Structures of class Id ribonucleotide reductase catalytic subunits reveal a minimal architecture for deoxynucleotide biosynthesis.

Class I ribonucleotide reductases (RNRs) share a common mechanism of nucleotide reduction in a catalytic alpha subunit. All RNRs initiate catalysis with a thiyl radical, generated in class I enzymes by a metallocofactor in a separate beta subunit. Class Id RNRs use a simple mechanism of cofactor activation involving oxidation of a Mn-2(II) cluster by free superoxide to yield a metal-based (MnMnIV)-Mn-III oxidant. This simple cofactor assembly pathway suggests that class Id RNRs may be representative of the evolutionary precursors to more complex class Ia-c enzymes.
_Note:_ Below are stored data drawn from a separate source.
lemma gamma_vertex_eq_imp_affine:
  assumes "gamma_vertex n m = (gamma_vertex n m' :: 'k::field_char_0 vertex)"
  shows "\<exists>\<alpha> \<beta> \<gamma>. \<forall>x. coord 0 (f_pow n (- (m div 2)) x :: 'k pt)
     = \<alpha> * coord 0 (f_pow n (- (m' div 2)) x) + \<beta> * coord 2 (f_pow n (- (m' div 2)) x) + \<gamma>"
proof -
  let ?F = "f_pow n (- (m' div 2)) :: 'k pt \<Rightarrow> 'k pt"
  let ?fs = "gamma_tuple n m' :: ('k pt \<Rightarrow> 'k) list"
  have "gamma_tuple n m \<in> orbit ?fs"
    using orbit_self assms by (metis gamma_vertex_eq_orbit)
  moreover have "?fs \<noteq> []" by (simp add: gamma_tuple_def)
  ultimately obtain a c
    where hd_affine: "\<forall>x. hd (gamma_tuple n m) x = (\<Sum>j<length ?fs. a j * (?fs ! j) x) + c"
    by (blast dest: hd_mem_orbit)
  have "coord 0 (f_pow n (- (m div 2)) x)
      = a 0 * coord 0 (?F x) + (if even m' then 0 else a 1) * coord 2 (?F x) + c" for x
  proof -
    have "hd (gamma_tuple n m) x = coord 0 (f_pow n (- (m div 2)) x)"
      by (simp add: gamma_tuple_def)
    moreover have "(\<Sum>j<length ?fs. a j * (?fs ! j) x)
        = a 0 * coord 0 (?F x) + (if even m' then 0 else a 1) * coord 2 (?F x)"
      by (simp add: gamma_tuple_def numeral_2_eq_2)
    ultimately show ?thesis using hd_affine by simp
  qed
  then show ?thesis by blast
qed

lemma gamma_vertex_inj:
  assumes "n \<ge> 1"
  shows "inj (gamma_vertex n :: int \<Rightarrow> 'k::field_char_0 vertex)"
proof (rule injI)
  fix m m' :: int
  assume eq: "(gamma_vertex n m :: 'k vertex) = gamma_vertex n m'"
  have "gamma_tuple n m \<in> orbit (gamma_tuple n m' :: ('k pt \<Rightarrow> 'k) list)"
    using orbit_self eq by (metis gamma_vertex_eq_orbit)
  then have parity: "even m \<longleftrightarrow> even m'"
    by (auto dest!: length_mem_orbit simp: gamma_tuple_def split: if_splits)
  have "m div 2 = m' div 2"
  proof (rule linorder_cases)
    assume "m div 2 < m' div 2"
    then show ?thesis
      using gamma_vertex_eq_imp_affine[OF eq] coord0_f_pow_not_affine[OF assms] by blast
  next
    assume "m' div 2 < m div 2"
    then show ?thesis
      using gamma_vertex_eq_imp_affine[OF eq [symmetric]] coord0_f_pow_not_affine[OF assms] by blast
  qed
  with parity show "m = m'" by presburger
qed

lemma gamma_eq_polygonal_path: "gamma n = polygonal_path (gamma_vertex n)"
  by (simp add: fun_eq_iff gamma_def polygonal_path_def frac_def Let_def)

theorem corollary7p5:
  fixes n :: nat
  assumes "n \<ge> 3"
  shows "inj (gamma n :: real \<Rightarrow> ('k::field_char_0 vertex \<Rightarrow> real))"
  unfolding gamma_eq_polygonal_path
  using assms by (intro inj_polygonal_path gamma_vertex_inj) simp

end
X-ray crystal structures of two class Id alpha proteins from Flavobacterium johnsoniae (Fj) and Actinobacillus ureae (Au) reveal that this subunit is distinctly small. The enzyme completely lacks common N-terminal ATP-cone allosteric motifs that regulate overall activity, a process that normally occurs by dATP-induced formation of inhibitory quaternary structures to prevent productive beta subunit association. Class Id RNR activity is insensitive to dATP in the Fj and Au enzymes evaluated here, as expected. However, the class Id alpha protein from Fj adopts higher-order structures, detected crystallographically and in solution. The Au enzyme does not exhibit these quaternary forms. Our study reveals structural similarity between bacterial class Id and eukaryotic class Ia alpha subunits in conservation of an internal auxiliary domain. Our findings with the Fj enzyme illustrate that nucleotide-independent higher-order quaternary structures can form in simple RNRs with truncated or missing allosteric motifs.